Reaching an impasse, my colleagues and I went to look at other parts of the world in search of patterns of success and failure in state-building. Fixing Failed States—a book I co-authored with Ashraf Ghani, the architect of much of the 2001-05 transition—sets out that learning.

What does this mean for Afghanistan now? Since 2005, Afghanistan has plunged from 117 to 176 on Transparency International’s corruption ranking, one of the fastest declines in the index’s history. At the same time, the trust of Afghan citizens in their government has plummeted. If we take a step back and look to how countries transform themselves from poverty and conflict to stability, a basic principle rings loud and clear. A country is not stable until it has a functioning state that performs key functions for its citizens. And behind every successful transition are four factors: a leadership and management team with a long-term vision and commitment to building good governance based on the rule of law; a relentless focus by those leaders on what we call “national accountability systems”—putting in place the building blocks of transparent revenue raising, budgeting, procurement, accounting, and auditing; nurturing civil society, in particular by investing in skills and training of citizens within the country in question, who must be empowered to take the lead; and nurturing small- and medium-sized firms that will give people a stake in the system. With these basic ingredients, Afghanistan could be put on the path to stability.

Putting Afghanistan back on such a path will certainly require funding and expertise from outside, but in a different type of partnership based on joint commitment to rule of law and building an accountable state. The countries that transformed successfully all partnered with the aid system but with a clear vision for how best to use the money, with rights and responsibilities on both sides and clear recognition that domestic leadership was the critical factor. In the short term, resources and military commitments will be required for Afghanistan, but if good governance were restored, Afghanistan could be steadily raising its own revenue and meeting its own bills. A series of reinvigorated national programs managed and staffed by Afghans in partnership with development banks and experts would be far cheaper than the thousands of foreign-run projects. By supporting national programs in partnership with civil society, donors could shift their emphasis to creating a good governance system from the bottom up.

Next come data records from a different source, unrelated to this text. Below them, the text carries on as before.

lemma mat_of_rows_list_carrier [simp]: "length rs = m \<Longrightarrow> mat_of_rows_list n rs \<in> carrier_mat m n"
  by (simp add: mat_of_rows_list_def)

lemma vec_of_list_eq_iff [simp]: "vec_of_list xs = vec_of_list ys \<longleftrightarrow> xs = ys"
  using list_vec by metis

lemma vec_of_list_carrier [simp]: "vec_of_list xs \<in> carrier_vec n \<longleftrightarrow> length xs = n"
  unfolding carrier_vec_def by simp

lemma upt_0_8: "[0..<8] = [0::nat, 1, 2, 3, 4, 5, 6, 7]"
  by (simp add: upt_rec)

lemma mat_eq_if_left_inverse:
  fixes N M A B :: "'a::semiring_1 mat"
  assumes "N * M = 1\<^sub>m n" "N \<in> carrier_mat n n" "M \<in> carrier_mat n n"
    and "A \<in> carrier_mat n m" "B \<in> carrier_mat n m" "M * A = M * B"
  shows "A = B"
proof -
  have "A = (N * M) * A" using assms(1) left_mult_one_mat[OF assms(4)] by simp
  also have "\<dots> = N * (M * A)" by (rule assoc_mult_mat[OF assms(2-4)])
  also have "\<dots> = (N * M) * B" using assms(6) assoc_mult_mat[OF assms(2,3,5)] by simp
  finally show ?thesis using assms(1) left_mult_one_mat[OF assms(5)] by simp
qed

lemma compression_eq:
  fixes R L A B :: "'a::semiring_1 mat"
  assumes R: "R \<in> carrier_mat n k" and L: "L \<in> carrier_mat k n" and LR: "L * R = 1\<^sub>m k"
    and A: "A \<in> carrier_mat n n" and B: "B \<in> carrier_mat k k" and AR: "A * R = R * B"
  shows "L * A * R = B"
proof -
  have "L * A * R = L * (R * B)" by (simp add: assoc_mult_mat[OF L A R] AR)
  also have "\<dots> = (L * R) * B" by (rule assoc_mult_mat[OF L R B, symmetric])
  finally show ?thesis by (simp add: LR left_mult_one_mat[OF B])
qed

lemma eq_if_compressions_eq:
  fixes R L U N A A' :: "'a::comm_ring_1 mat"
  assumes R: "R \<in> carrier_mat n k" and L: "L \<in> carrier_mat k n"
    and U: "U \<in> carrier_mat n m" and N: "N \<in> carrier_mat m n"
    and split: "R * L + U * N = 1\<^sub>m n"
    and A: "A \<in> carrier_mat n n" "A * U = U" and A': "A' \<in> carrier_mat n n" "A' * U = U"
    and eq: "A * R = A' * R"
  shows "A = A'"
proof -
  have expand: "X = (X * R) * L + U * N" if X: "X \<in> carrier_mat n n" and XU: "X * U = U" for X
  proof -
    have "X = X * (R * L + U * N)" using split X by simp
    also have "\<dots> = X * (R * L) + X * (U * N)"
      by (rule mult_add_distrib_mat[OF X mult_carrier_mat[OF R L] mult_carrier_mat[OF U N]])
    also have "\<dots> = (X * R) * L + U * N"
      by (simp add: assoc_mult_mat[OF X R L] assoc_mult_mat[OF X U N, symmetric] XU)
    finally show ?thesis .
  qed
  show ?thesis using expand[OF A] expand[OF A'] eq by simp
qed
lemma linear_map_kernel_submodule:
  assumes "module R M" "module R N" "linear_map R M N h"
  shows "submodule {x \<in> carrier M. h x = \<zero>\<^bsub>N\<^esub>} R M"
proof -
  interpret M: module R M by fact
  interpret N: module R N by fact
  show ?thesis
    using assms(3) linear_map_zero[OF assms] linear_map_closed[OF assms(3)]
    by (intro M.submoduleI_smult) (auto simp: linear_map_add linear_map_smult)
qed

inductive_set mspan :: "('r, 'x) ring_scheme \<Rightarrow> ('r, 'v, 'z) module_scheme \<Rightarrow> 'v set \<Rightarrow> 'v set"
  for R M S where
  span_zero: "\<zero>\<^bsub>M\<^esub> \<in> mspan R M S"
| span_gen: "s \<in> S \<Longrightarrow> s \<in> mspan R M S"
| span_add: "a \<in> mspan R M S \<Longrightarrow> b \<in> mspan R M S \<Longrightarrow> a \<oplus>\<^bsub>M\<^esub> b \<in> mspan R M S"
| span_smult: "r \<in> carrier R \<Longrightarrow> a \<in> mspan R M S \<Longrightarrow> r \<odot>\<^bsub>M\<^esub> a \<in> mspan R M S"

lemma span_mono: "S \<subseteq> S' \<Longrightarrow> mspan R M S \<subseteq> mspan R M S'"
proof
  fix x assume "S \<subseteq> S'" "x \<in> mspan R M S"
  then show "x \<in> mspan R M S'"
    by (induction rule: mspan.induct[OF \<open>x \<in> mspan R M S\<close>]) (auto intro: mspan.intros)
qed

context module
begin

lemma span_least: "submodule N R M \<Longrightarrow> S \<subseteq> N \<Longrightarrow> mspan R M S \<subseteq> N"
proof
  fix x assume N: "submodule N R M" and "S \<subseteq> N" "x \<in> mspan R M S"
  then show "x \<in> N"
    by (induction rule: mspan.induct[OF \<open>x \<in> mspan R M S\<close>]) (use submoduleD[OF N] in blast)+
qed

lemma span_submodule: "S \<subseteq> carrier M \<Longrightarrow> submodule (mspan R M S) R M"
proof (rule submoduleI_smult)
  assume S: "S \<subseteq> carrier M"
  show "mspan R M S \<subseteq> carrier M"
  proof
    fix x assume "x \<in> mspan R M S" then show "x \<in> carrier M"
      by (induction rule: mspan.induct) (use S in auto)
  qed
qed (auto intro: mspan.intros)

lemma span_closed: "S \<subseteq> carrier M \<Longrightarrow> mspan R M S \<subseteq> carrier M"
  using submoduleD(1)[OF span_submodule] .

lemma finsum_in_span:
  assumes "S \<subseteq> carrier M" "finite A" "f \<in> A \<rightarrow> mspan R M S"
  shows "finsum M f A \<in> mspan R M S"
  using assms(2,3)
proof (induction A rule: finite_induct)
  case (insert a A)
  then have "f \<in> insert a A \<rightarrow> carrier M" using span_closed[OF assms(1)] by blast
  then show ?case using insert by (simp add: mspan.span_add)
qed (simp add: mspan.span_zero)

lemma span_insert:
  assumes G: "G \<subseteq> carrier M" and x: "x \<in> carrier M" and n: "n \<in> mspan R M (insert x G)"
  shows "\<exists>r \<in> carrier R. \<exists>y \<in> mspan R M G. n = r \<odot>\<^bsub>M\<^esub> x \<oplus>\<^bsub>M\<^esub> y"
proof -
  let ?N = "{r \<odot>\<^bsub>M\<^esub> x \<oplus>\<^bsub>M\<^esub> y | r y. r \<in> carrier R \<and> y \<in> mspan R M G}"
  note SG = submoduleD[OF span_submodule[OF G]]
  have "submodule ?N R M"
  proof (rule submoduleI_smult)
    show "?N \<subseteq> carrier M" using SG(1) x by auto
    have "\<zero>\<^bsub>M\<^esub> = \<zero>\<^bsub>R\<^esub> \<odot>\<^bsub>M\<^esub> x \<oplus>\<^bsub>M\<^esub> \<zero>\<^bsub>M\<^esub>" using x by simp
    then show "\<zero>\<^bsub>M\<^esub> \<in> ?N" using SG(2) by blast
  next
    fix a b assume "a \<in> ?N" "b \<in> ?N"
    then obtain r y r' y' where a: "a = r \<odot>\<^bsub>M\<^esub> x \<oplus>\<^bsub>M\<^esub> y" "r \<in> carrier R" "y \<in> mspan R M G"
      and b: "b = r' \<odot>\<^bsub>M\<^esub> x \<oplus>\<^bsub>M\<^esub> y'" "r' \<in> carrier R" "y' \<in> mspan R M G" by blast
    then have "a \<oplus>\<^bsub>M\<^esub> b = (r \<oplus>\<^bsub>R\<^esub> r') \<odot>\<^bsub>M\<^esub> x \<oplus>\<^bsub>M\<^esub> (y \<oplus>\<^bsub>M\<^esub> y')"
      using SG(1) x by (simp add: smult_l_distr subset_iff a_ac)
    then show "a \<oplus>\<^bsub>M\<^esub> b \<in> ?N" using a b SG(3) by blast
  next
    fix s a assume s: "s \<in> carrier R" and "a \<in> ?N"
    then obtain r y where a: "a = r \<odot>\<^bsub>M\<^esub> x \<oplus>\<^bsub>M\<^esub> y" "r \<in> carrier R" "y \<in> mspan R M G" by blast
    then have "s \<odot>\<^bsub>M\<^esub> a = (s \<otimes>\<^bsub>R\<^esub> r) \<odot>\<^bsub>M\<^esub> x \<oplus>\<^bsub>M\<^esub> (s \<odot>\<^bsub>M\<^esub> y)"
      using SG(1) x s by (simp add: smult_r_distr smult_assoc1 subset_iff)
    then show "s \<odot>\<^bsub>M\<^esub> a \<in> ?N" using a s SG(4) by blast
  qed
  moreover have "insert x G \<subseteq> ?N"
  proof
    fix z assume "z \<in> insert x G"
    moreover have "x = \<one>\<^bsub>R\<^esub> \<odot>\<^bsub>M\<^esub> x \<oplus>\<^bsub>M\<^esub> \<zero>\<^bsub>M\<^esub>" using x by simp
    moreover have "z = \<zero>\<^bsub>R\<^esub> \<odot>\<^bsub>M\<^esub> x \<oplus>\<^bsub>M\<^esub> z" if "z \<in> G" using that G x by auto
    ultimately show "z \<in> ?N" using SG(2) by (blast intro: mspan.span_gen)
  qed
  ultimately show ?thesis using span_least n by blast
qed

lemma coefficient_ideal:
  assumes N: "submodule N R M" and L: "submodule L R M" and x: "x \<in> carrier M"
  shows "ideal {r \<in> carrier R. \<exists>y \<in> L. r \<odot>\<^bsub>M\<^esub> x \<oplus>\<^bsub>M\<^esub> y \<in> N} R"
proof (rule idealI)
  let ?I = "{r \<in> carrier R. \<exists>y \<in> L. r \<odot>\<^bsub>M\<^esub> x \<oplus>\<^bsub>M\<^esub> y \<in> N}"
  note N = submoduleD[OF N] and L = submoduleD[OF L]
  show "ring R" ..
  show "subgroup ?I (add_monoid R)"
  proof (rule R.add.subgroupI)
    have "\<zero>\<^bsub>R\<^esub> \<odot>\<^bsub>M\<^esub> x \<oplus>\<^bsub>M\<^esub> \<zero>\<^bsub>M\<^esub> \<in> N" using x N(2) by simp
    then show "?I \<noteq> {}" using L(2) by blast
  next
    fix a assume "a \<in> ?I"
    then obtain y where a: "a \<in> carrier R" "y \<in> L" "a \<odot>\<^bsub>M\<^esub> x \<oplus>\<^bsub>M\<^esub> y \<in> N" by blast
    have "(\<ominus>\<^bsub>R\<^esub> a) \<odot>\<^bsub>M\<^esub> x \<oplus>\<^bsub>M\<^esub> (\<zero>\<^bsub>M\<^esub> \<ominus>\<^bsub>M\<^esub> y) = \<zero>\<^bsub>M\<^esub> \<ominus>\<^bsub>M\<^esub> (a \<odot>\<^bsub>M\<^esub> x \<oplus>\<^bsub>M\<^esub> y)"
      using a L(1) x by (auto simp: smult_l_minus minus_add minus_eq a_ac)
    moreover have "\<zero>\<^bsub>M\<^esub> \<ominus>\<^bsub>M\<^esub> y \<in> L" "\<zero>\<^bsub>M\<^esub> \<ominus>\<^bsub>M\<^esub> (a \<odot>\<^bsub>M\<^esub> x \<oplus>\<^bsub>M\<^esub> y) \<in> N"
      using a N(2,5) L(2,5) by auto
    ultimately show "\<ominus>\<^bsub>R\<^esub> a \<in> ?I"
      using a by (intro CollectI conjI bexI[of _ "\<zero>\<^bsub>M\<^esub> \<ominus>\<^bsub>M\<^esub> y"]) simp_all
  next
    fix a b assume "a \<in> ?I" "b \<in> ?I"
    then obtain y y' where a: "a \<in> carrier R" "y \<in> L" "a \<odot>\<^bsub>M\<^esub> x \<oplus>\<^bsub>M\<^esub> y \<in> N"
      and b: "b \<in> carrier R" "y' \<in> L" "b \<odot>\<^bsub>M\<^esub> x \<oplus>\<^bsub>M\<^esub> y' \<in> N" by blast
    have "(a \<oplus>\<^bsub>R\<^esub> b) \<odot>\<^bsub>M\<^esub> x \<oplus>\<^bsub>M\<^esub> (y \<oplus>\<^bsub>M\<^esub> y') = (a \<odot>\<^bsub>M\<^esub> x \<oplus>\<^bsub>M\<^esub> y) \<oplus>\<^bsub>M\<^esub> (b \<odot>\<^bsub>M\<^esub> x \<oplus>\<^bsub>M\<^esub> y')"
      using a b L(1) x by (simp add: smult_l_distr a_ac subset_iff)
    then show "a \<oplus>\<^bsub>R\<^esub> b \<in> ?I"
      using a b N(3) L(3) by (intro CollectI conjI bexI[of _ "y \<oplus>\<^bsub>M\<^esub> y'"]) simp_all
  qed auto
next
  fix a s assume "a \<in> {r \<in> carrier R. \<exists>y \<in> L. r \<odot>\<^bsub>M\<^esub> x \<oplus>\<^bsub>M\<^esub> y \<in> N}" and s: "s \<in> carrier R"
  then obtain y where a: "a \<in> carrier R" "y \<in> L" "a \<odot>\<^bsub>M\<^esub> x \<oplus>\<^bsub>M\<^esub> y \<in> N" by blast
  have "(s \<otimes>\<^bsub>R\<^esub> a) \<odot>\<^bsub>M\<^esub> x \<oplus>\<^bsub>M\<^esub> (s \<odot>\<^bsub>M\<^esub> y) = s \<odot>\<^bsub>M\<^esub> (a \<odot>\<^bsub>M\<^esub> x \<oplus>\<^bsub>M\<^esub> y)"
    using a x s submoduleD(1)[OF L] by (auto simp: smult_r_distr smult_assoc1)
  then show "s \<otimes>\<^bsub>R\<^esub> a \<in> {r \<in> carrier R. \<exists>y \<in> L. r \<odot>\<^bsub>M\<^esub> x \<oplus>\<^bsub>M\<^esub> y \<in> N}"
    and "a \<otimes>\<^bsub>R\<^esub> s \<in> {r \<in> carrier R. \<exists>y \<in> L. r \<odot>\<^bsub>M\<^esub> x \<oplus>\<^bsub>M\<^esub> y \<in> N}"
    using a s submoduleD(4)[OF assms(2)] submoduleD(4)[OF assms(1)]
    by (auto intro!: bexI[of _ "s \<odot>\<^bsub>M\<^esub> y"] simp: m_comm)
qed

lemma submodule_Int: "submodule A R M \<Longrightarrow> submodule B R M \<Longrightarrow> submodule (A \<inter> B) R M"
  by (rule submoduleI_smult) (auto dest: submoduleD)

text \<open>Induction on the generators: the coefficients of the new generator in elements of the
  submodule form an ideal, finitely generated because \<open>R\<close> is noetherian.\<close>
lemma noetherian_submodule_finitely_spanned:
  assumes noeth: "noetherian_ring R" and "finite G" "G \<subseteq> carrier M"
    and "submodule N R M" "N \<subseteq> mspan R M G"
  shows "\<exists>B. finite B \<and> B \<subseteq> N \<and> mspan R M B = N"
  using assms(2-5)
proof (induction G arbitrary: N rule: finite_induct)
  case empty
  then show ?case using span_least[of N "{}"] by blast
next
  case (insert x G)
  note N = insert.prems(2)
  have x: "x \<in> carrier M" and G: "G \<subseteq> carrier M" using insert.prems(1) by auto
  define SG where "SG = mspan R M G"
  have SG: "submodule SG R M" unfolding SG_def using span_submodule[OF G] .
  define I where "I = {r \<in> carrier R. \<exists>y \<in> SG. r \<odot>\<^bsub>M\<^esub> x \<oplus>\<^bsub>M\<^esub> y \<in> N}"
  have "ideal I R" unfolding I_def using coefficient_ideal[OF N SG x] .
  then obtain A where A: "A \<subseteq> carrier R" "finite A" "I = Idl\<^bsub>R\<^esub> A"
    using noetherian_ring.finetely_gen[OF noeth] by blast
  have "\<forall>a \<in> A. \<exists>y. y \<in> SG \<and> a \<odot>\<^bsub>M\<^esub> x \<oplus>\<^bsub>M\<^esub> y \<in> N"
    using A R.genideal_self unfolding I_def by blast
  then obtain ya where ya: "\<And>a. a \<in> A \<Longrightarrow> ya a \<in> SG \<and> a \<odot>\<^bsub>M\<^esub> x \<oplus>\<^bsub>M\<^esub> ya a \<in> N"
    by metis
  obtain B0 where B0: "finite B0" "B0 \<subseteq> N \<inter> SG" "mspan R M B0 = N \<inter> SG"
    using insert.IH[OF G submodule_Int[OF N SG]] SG_def by blast
  define B where "B = B0 \<union> (\<lambda>a. a \<odot>\<^bsub>M\<^esub> x \<oplus>\<^bsub>M\<^esub> ya a) ` A"
  have BN: "B \<subseteq> N" unfolding B_def using B0 ya by auto
  have spanB: "submodule (mspan R M B) R M"
    using span_submodule BN submoduleD(1)[OF N] by blast
  have "I \<subseteq> {r \<in> carrier R. \<exists>y \<in> SG. r \<odot>\<^bsub>M\<^esub> x \<oplus>\<^bsub>M\<^esub> y \<in> mspan R M B}"
    unfolding A(3) using A(1) ya
    by (intro R.genideal_minimal coefficient_ideal[OF spanB SG x])
      (auto simp: B_def intro: mspan.span_gen)
  have "N \<subseteq> mspan R M B"
  proof
    fix n assume n: "n \<in> N"
    then obtain r y where ry: "r \<in> carrier R" "y \<in> SG" "n = r \<odot>\<^bsub>M\<^esub> x \<oplus>\<^bsub>M\<^esub> y"
      using span_insert[OF G x] insert.prems(3) SG_def by blast
    then have "r \<in> I" unfolding I_def using n by auto
    then obtain y' where y': "y' \<in> SG" "r \<odot>\<^bsub>M\<^esub> x \<oplus>\<^bsub>M\<^esub> y' \<in> mspan R M B"
      using \<open>I \<subseteq> _\<close> by blast
    define w where "w = r \<odot>\<^bsub>M\<^esub> x \<oplus>\<^bsub>M\<^esub> y'"
    have carr: "y \<in> carrier M" "y' \<in> carrier M" "w \<in> carrier M"
      using ry y' submoduleD(1)[OF SG] x unfolding w_def by auto
    have "n \<ominus>\<^bsub>M\<^esub> w = y \<ominus>\<^bsub>M\<^esub> y'"
      using carr x ry unfolding w_def by (simp add: minus_eq minus_add a_ac r_neg1 r_neg)
    moreover have "w \<in> N" using y'(2) span_least[OF N BN] unfolding w_def by blast
    ultimately have "n \<ominus>\<^bsub>M\<^esub> w \<in> mspan R M B0"
      using B0(3) submoduleD(5)[OF N n \<open>w \<in> N\<close>] submoduleD(5)[OF SG ry(2) y'(1)] by simp
    then have "(n \<ominus>\<^bsub>M\<^esub> w) \<oplus>\<^bsub>M\<^esub> w \<in> mspan R M B"
      using span_mono[of B0 B] y'(2) unfolding B_def w_def by (blast intro: mspan.span_add)
    moreover have "(n \<ominus>\<^bsub>M\<^esub> w) \<oplus>\<^bsub>M\<^esub> w = n"
      using carr submoduleD(1)[OF N] n by (simp add: subset_iff minus_eq a_assoc l_neg)
    ultimately show "n \<in> mspan R M B" by simp
  qed
  moreover have "finite B" unfolding B_def using B0(1) A(2) by blast
  ultimately show ?case
    using BN span_least[OF N BN] by (intro exI[of _ B]) auto
qed

lemma linear_map_eq_on_span:
  assumes "module R N" "linear_map R M N f" "linear_map R M N g"
    and "S \<subseteq> carrier M" "\<And>s. s \<in> S \<Longrightarrow> f s = g s" "x \<in> mspan R M S"
  shows "f x = g x"
proof -
  interpret N: module R N by fact
  have "submodule {x \<in> carrier M. f x = g x} R M"
    using assms(2,3) linear_map_zero[OF module_axioms assms(1) assms(2)]
      linear_map_zero[OF module_axioms assms(1) assms(3)]
    by (intro submoduleI_smult) (auto simp: linear_map_add linear_map_smult)
  then show ?thesis using span_least assms(4-6) by blast
qed

end

lemma linear_map_onto_if_spanning:
  assumes "module R M" "module R N" "linear_map R M N h"
    and "G \<subseteq> h ` carrier M" "mspan R N G = carrier N"
  shows "h ` carrier M = carrier N"
proof -
  interpret M: module R M by fact
  interpret N: module R N by fact
  have "submodule (h ` carrier M) R N"
    using linear_map_image_submodule[OF assms(1-3) M.carrier_is_submodule] .
  then show ?thesis
    using N.span_least[OF _ assms(4)] assms(5) linear_map_closed[OF assms(3)] by blast
qed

There is a whole range of organizations in the United States and across the world—from volunteer associations to land-grant colleges—that could partner with the effort at reasonable cost. New technologies, such as soil analysis of satellite imagery and using long-distance engineering and architecture support, could drastically reduce the costs of travel and security that are necessary when outsiders are on the ground; they could instead partner with Afghan engineers, architects, and agronomists at Afghanistan’s universities. Rather than sending in thousands of civilians, the shift in emphasis could be to training Afghans to do the jobs themselves. Afghanistan has just sold its large copper mine to China and can license more of its assets to raise money. And if investors—especially Afghans—had confidence in the future of the country, they would start financing the range of enterprises necessary to create jobs and supply domestic and regional markets with food, building materials, textiles, and minerals, and thereby grow the domestic tax base.

Sadly, it is not just Afghanistan that we need to worry about. There are as many as 60 countries that are facing a “sovereignty gap”—that is, a gap between the legitimate expectations of their citizens and their ability to deliver on those expectations. If we can demonstrate that a new type of partnership works in Afghanistan, we can provide hope around the world.